[Dataset entries]
::::
lemma permutes_fixing_colour:
  assumes \<pi>: "\<pi> permutes {1,2,3::nat}" and \<alpha>: "\<alpha> \<in> {1,2,3}" "\<pi> \<alpha> = \<alpha>" and "\<pi> \<noteq> id"
  shows "\<exists>\<beta> \<gamma>. \<beta> \<in> {1,2,3} \<and> \<gamma> \<in> {1,2,3} \<and> \<beta> \<noteq> \<gamma> \<and> \<alpha> \<notin> {\<beta>, \<gamma>} \<and> \<pi> = transpose \<beta> \<gamma>"
proof -
  obtain \<beta> \<gamma> where U: "{1,2,3::nat} = {\<alpha>, \<beta>, \<gamma>}" and d: "\<beta> \<noteq> \<gamma>" "\<alpha> \<notin> {\<beta>, \<gamma>}"
  proof -
    consider "\<alpha> = 1" | "\<alpha> = 2" | "\<alpha> = 3" using \<alpha>(1) by blast
    then show thesis
    proof cases
      case 1 show thesis by (rule that[of 2 3]) (auto simp: 1)
    next
      case 2 show thesis by (rule that[of 1 3]) (auto simp: 2)
    next
      case 3 show thesis by (rule that[of 1 2]) (auto simp: 3)
    qed
  qed
  have inj: "\<pi> x = \<pi> y \<longleftrightarrow> x = y" for x y using permutes_inj[OF \<pi>] by (simp add: inj_eq)
  have mem: "\<pi> x \<in> {\<alpha>, \<beta>, \<gamma>} \<longleftrightarrow> x \<in> {\<alpha>, \<beta>, \<gamma>}" for x
    using permutes_in_image[OF \<pi>, of x] unfolding U .
  have b: "\<pi> \<beta> \<in> {\<beta>, \<gamma>}" and g: "\<pi> \<gamma> \<in> {\<beta>, \<gamma>}"
    using mem[of \<beta>] mem[of \<gamma>] inj[of \<beta> \<alpha>] inj[of \<gamma> \<alpha>] \<alpha>(2) d by auto
  have other: "\<pi> x = x" if "x \<notin> {\<alpha>, \<beta>, \<gamma>}" for x
    using permutes_not_in[OF \<pi>, of x] that unfolding U by simp
  show ?thesis
  proof (cases "\<pi> \<beta> = \<beta>")
    case True
    then have "\<pi> \<gamma> = \<gamma>" using g inj[of \<gamma> \<beta>] d by auto
    then have "\<pi> x = x" for x using True \<alpha>(2) other[of x] by (cases "x \<in> {\<alpha>, \<beta>, \<gamma>}") auto
    then show ?thesis using \<open>\<pi> \<noteq> id\<close> by (simp add: fun_eq_iff)
  next
    case False
    then have "\<pi> \<beta> = \<gamma>" "\<pi> \<gamma> = \<beta>" using b g inj[of \<gamma> \<beta>] d by auto
    then have "\<pi> x = transpose \<beta> \<gamma> x" for x
      using \<alpha>(2) other[of x] d by (cases "x \<in> {\<alpha>, \<beta>, \<gamma>}") (auto simp: transpose_def)
    then have "\<pi> = transpose \<beta> \<gamma>" by (simp add: fun_eq_iff)
    moreover have "\<beta> \<in> {1,2,3}" "\<gamma> \<in> {1,2,3}" unfolding U by simp_all
    ultimately show ?thesis using d by blast
  qed
qed

lemma Image_image_equiv_class:
  assumes "equiv P R" "equiv P1 R1" "c \<in> P" and "\<And>c'. (c, c') \<in> R \<Longrightarrow> (r c, r c') \<in> R1"
  shows "R1 `` (r ` (R `` {c})) = R1 `` {r c}"
proof
  show "R1 `` (r ` (R `` {c})) \<subseteq> R1 `` {r c}"
    using assms(2,4) unfolding equiv_def trans_def by blast
  show "R1 `` {r c} \<subseteq> R1 `` (r ` (R `` {c}))"
    using equiv_class_self[OF assms(1,3)] by blast
qed

lemma card_quotient_eq_mult:
  assumes eq: "equiv P R" "equiv P1 R1" "equiv P2 R2"
    and into: "\<And>c. c \<in> P \<Longrightarrow> r1 c \<in> P1 \<and> r2 c \<in> P2"
    and iff: "\<And>c c'. c \<in> P \<Longrightarrow> c' \<in> P \<Longrightarrow> (c, c') \<in> R \<longleftrightarrow> (r1 c, r1 c') \<in> R1 \<and> (r2 c, r2 c') \<in> R2"
    and onto: "\<And>c1 c2. c1 \<in> P1 \<Longrightarrow> c2 \<in> P2 \<Longrightarrow> \<exists>c \<in> P. (r1 c, c1) \<in> R1 \<and> (r2 c, c2) \<in> R2"
  shows "card (P // R) = card (P1 // R1) * card (P2 // R2)"
proof -
  define \<Phi> where "\<Phi> X = (R1 `` (r1 ` X), R2 `` (r2 ` X))" for X
  have \<Phi>: "\<Phi> (R `` {c}) = (R1 `` {r1 c}, R2 `` {r2 c})" if c: "c \<in> P" for c
  proof -
    have rel: "(r1 c, r1 c') \<in> R1 \<and> (r2 c, r2 c') \<in> R2" if "(c, c') \<in> R" for c'
      using iff[OF c] that eq(1) unfolding equiv_def refl_on_def by blast
    have "R1 `` (r1 ` (R `` {c})) = R1 `` {r1 c}"
      by (rule Image_image_equiv_class[OF eq(1,2) c]) (use rel in blast)
    moreover have "R2 `` (r2 ` (R `` {c})) = R2 `` {r2 c}"
      by (rule Image_image_equiv_class[OF eq(1,3) c]) (use rel in blast)
    ultimately show ?thesis unfolding \<Phi>_def by simp
  qed
  have "inj_on \<Phi> (P // R)"
  proof (rule inj_onI)
    fix X Y assume "X \<in> P // R" "Y \<in> P // R" "\<Phi> X = \<Phi> Y"
    then obtain c d where c: "c \<in> P" "X = R `` {c}" and d: "d \<in> P" "Y = R `` {d}"
      and "R1 `` {r1 c} = R1 `` {r1 d}" "R2 `` {r2 c} = R2 `` {r2 d}"
      using \<Phi> by (auto elim!: quotientE)
    then have "(r1 c, r1 d) \<in> R1" "(r2 c, r2 d) \<in> R2"
      using eq_equiv_class_iff[OF eq(2)] eq_equiv_class_iff[OF eq(3)] into by blast+
    then show "X = Y" using c d iff eq_equiv_class_iff[OF eq(1)] by blast
  qed
  moreover have "\<Phi> ` (P // R) = P1 // R1 \<times> P2 // R2"
  proof
    show "\<Phi> ` (P // R) \<subseteq> P1 // R1 \<times> P2 // R2"
    proof
      fix Z assume "Z \<in> \<Phi> ` (P // R)"
      then obtain c where "c \<in> P" "Z = \<Phi> (R `` {c})" by (auto elim!: quotientE)
      then show "Z \<in> P1 // R1 \<times> P2 // R2" using \<Phi> into[of c] by (simp add: quotientI)
    qed
    show "P1 // R1 \<times> P2 // R2 \<subseteq> \<Phi> ` (P // R)"
    proof
      fix Z assume "Z \<in> P1 // R1 \<times> P2 // R2"
      then obtain c1 c2 where z: "c1 \<in> P1" "c2 \<in> P2" "Z = (R1 `` {c1}, R2 `` {c2})"
        by (auto elim!: quotientE)
      obtain c where c: "c \<in> P" "(r1 c, c1) \<in> R1" "(r2 c, c2) \<in> R2" using onto[OF z(1,2)] by blast
      then have "\<Phi> (R `` {c}) = Z"
        using \<Phi> z equiv_class_eq[OF eq(2)] equiv_class_eq[OF eq(3)] by simp
      then show "Z \<in> \<Phi> ` (P // R)" using quotientI[OF c(1)] by blast
    qed
  qed
  ultimately show ?thesis
    using bij_betw_same_card[of \<Phi>] card_cartesian_product unfolding bij_betw_def by metis
qed

lemma kempe_equiv_lift_rtranclp:
  assumes lift: "\<And>c h. c \<in> proper_3ec C \<Longrightarrow> R (r c) h \<Longrightarrow>
      \<exists>c'. (c, c') \<in> kempe_equiv C \<and> r c' = h \<and> s c' = s c"
    and steps: "R\<^sup>*\<^sup>* (r c) h" and c: "c \<in> proper_3ec C"
  shows "\<exists>c'. (c, c') \<in> kempe_equiv C \<and> r c' = h \<and> s c' = s c"
  using steps
proof (induction rule: rtranclp_induct)
  case base
  then show ?case using kempe_equiv_refl[OF c] by blast
next
  case (step y z)
  then obtain c' where c': "(c, c') \<in> kempe_equiv C" "r c' = y" "s c' = s c" by blast
  moreover have "c' \<in> proper_3ec C" using kempe_equiv_proper[OF c'(1)] by blast
  ultimately obtain c'' where "(c', c'') \<in> kempe_equiv C" "r c'' = z" "s c'' = s c'"
    using lift[of c' z] step.hyps(2) by blast
  then show ?case using c' kempe_equiv_trans by metis
qed

text \<open>The situation common to both compositions: r1 and r2 restrict colourings of C to the two
halves, and X1, X2 are the edges of the halves at the cut.\<close>
locale kempe_product =
  fixes C :: "('w, 'f) mgraph" and G1 :: "('v1, 'e1) mgraph" and G2 :: "('v2, 'e2) mgraph"
    and r1 :: "('f \<Rightarrow> nat) \<Rightarrow> 'e1 \<Rightarrow> nat" and r2 :: "('f \<Rightarrow> nat) \<Rightarrow> 'e2 \<Rightarrow> nat"
    and X1 :: "'e1 set" and X2 :: "'e2 set"
  assumes finite_edges: "finite (edges C)" "finite (edges G1)" "finite (edges G2)"
    and X1_adjacent: "\<And>e e'. e \<in> X1 \<Longrightarrow> e' \<in> X1 \<Longrightarrow> ends G1 e \<inter> ends G1 e' \<noteq> {}"
    and X2_adjacent: "\<And>e e'. e \<in> X2 \<Longrightarrow> e' \<in> X2 \<Longrightarrow> ends G2 e \<inter> ends G2 e' \<noteq> {}"
    and restrict_proper: "\<And>c. c \<in> proper_3ec C \<Longrightarrow> r1 c \<in> proper_3ec G1 \<and> r2 c \<in> proper_3ec G2"
    and restrict_inj: "\<And>c c'. c \<in> proper_3ec C \<Longrightarrow> c' \<in> proper_3ec C \<Longrightarrow>
      r1 c = r1 c' \<Longrightarrow> r2 c = r2 c' \<Longrightarrow> c = c'"
    and restrict_kempe_step: "\<And>c c'. kempe_step C c c' \<Longrightarrow>
      (r1 c, r1 c') \<in> kempe_equiv G1 \<and> (r2 c, r2 c') \<in> kempe_equiv G2"
    and lift1: "\<And>c h. c \<in> proper_3ec C \<Longrightarrow> avoiding_switch G1 X1 (r1 c) h \<Longrightarrow>
      \<exists>c'. (c, c') \<in> kempe_equiv C \<and> r1 c' = h \<and> r2 c' = r2 c"
    and lift2: "\<And>c h. c \<in> proper_3ec C \<Longrightarrow> avoiding_switch G2 X2 (r2 c) h \<Longrightarrow>
      \<exists>c'. (c, c') \<in> kempe_equiv C \<and> r2 c' = h \<and> r1 c' = r1 c"
    and restrict_permute_colours: "\<And>\<pi> c. \<pi> permutes {1,2,3} \<Longrightarrow> c \<in> proper_3ec C \<Longrightarrow>
      r1 (permute_colours C \<pi> c) = permute_colours G1 \<pi> (r1 c) \<and>
      r2 (permute_colours C \<pi> c) = permute_colours G2 \<pi> (r2 c)"
    and agree_permuted: "\<And>c c' \<pi>. c \<in> proper_3ec C \<Longrightarrow> c' \<in> proper_3ec C \<Longrightarrow> \<pi> permutes {1,2,3} \<Longrightarrow>
      r2 c = r2 c' \<Longrightarrow> r1 c = permute_colours G1 \<pi> (r1 c') \<Longrightarrow> (avoiding_switch G1 X1)\<^sup>*\<^sup>* (r1 c) (r1 c')"
    and restrict_onto: "\<And>c1 c2. c1 \<in> proper_3ec G1 \<Longrightarrow> c2 \<in> proper_3ec G2 \<Longrightarrow>
      \<exists>c \<in> proper_3ec C. (r1 c, c1) \<in> kempe_equiv G1 \<and> (r2 c, c2) \<in> kempe_equiv G2"
begin

lemma restrict_kempe_equiv:
  assumes "(c, c') \<in> kempe_equiv C"
  shows "(r1 c, r1 c') \<in> kempe_equiv G1 \<and> (r2 c, r2 c') \<in> kempe_equiv G2"
proof -
  have c: "c \<in> proper_3ec C" and steps: "(kempe_step C)\<^sup>*\<^sup>* c c'"
    using assms unfolding kempe_equiv_def by auto
  from steps show ?thesis
  proof (induction rule: rtranclp_induct)
    case base
    show ?case using restrict_proper[OF c] by (simp add: kempe_equiv_refl)
  next
    case (step y z)
    with restrict_kempe_step[OF step.hyps(2)] show ?case
      using kempe_equiv_trans[of "r1 c" "r1 y" G1 "r1 z"] kempe_equiv_trans[of "r2 c" "r2 y" G2 "r2 z"]
      by blast
  qed
qed

lemma lift1_rtranclp:
  "c \<in> proper_3ec C \<Longrightarrow> (avoiding_switch G1 X1)\<^sup>*\<^sup>* (r1 c) h \<Longrightarrow>
     \<exists>c'. (c, c') \<in> kempe_equiv C \<and> r1 c' = h \<and> r2 c' = r2 c"
  by (rule kempe_equiv_lift_rtranclp[OF lift1])

lemma lift2_rtranclp:
  "c \<in> proper_3ec C \<Longrightarrow> (avoiding_switch G2 X2)\<^sup>*\<^sup>* (r2 c) h \<Longrightarrow>
     \<exists>c'. (c, c') \<in> kempe_equiv C \<and> r2 c' = h \<and> r1 c' = r1 c"
  by (rule kempe_equiv_lift_rtranclp[OF lift2])

text \<open>The second restriction only changes by a permutation of the colours.\<close>
lemma lift1_kempe_equiv:
  assumes c: "c \<in> proper_3ec C" and equiv: "(r1 c, h) \<in> kempe_equiv G1"
  shows "\<exists>c'. (c, c') \<in> kempe_equiv C \<and> r1 c' = h \<and> (r2 c, r2 c') \<in> kempe_equiv G2"
proof -
  obtain \<pi> where \<pi>: "\<pi> permutes {1,2,3}"
    and steps: "(avoiding_switch G1 X1)\<^sup>*\<^sup>* (permute_colours G1 \<pi> (r1 c)) h"
    using kempe_equiv_imp_avoiding_switches[OF X1_adjacent equiv] by blast
  define c0 where "c0 = permute_colours C \<pi> c"
  have c0: "(c, c0) \<in> kempe_equiv C" unfolding c0_def
    by (rule kempe_equiv_permute_colours[OF finite_edges(1) c \<pi>])
  then obtain c' where c': "(c0, c') \<in> kempe_equiv C" "r1 c' = h" "r2 c' = r2 c0"
    using lift1_rtranclp[of c0 h] steps restrict_permute_colours[OF \<pi> c] kempe_equiv_proper
    unfolding c0_def by metis
  have "(r2 c, r2 c') \<in> kempe_equiv G2"
    using c'(3) restrict_permute_colours[OF \<pi> c] restrict_proper[OF c]
      kempe_equiv_permute_colours[OF finite_edges(3) _ \<pi>] unfolding c0_def by metis
  then show ?thesis using c0 c' kempe_equiv_trans by metis
qed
::::
**WHAT YOU SHOULD DO**:
Looking at the records above, please work out how many lines contain "subseteq" and state only that number.

**EXERCISE ANSWER**:
4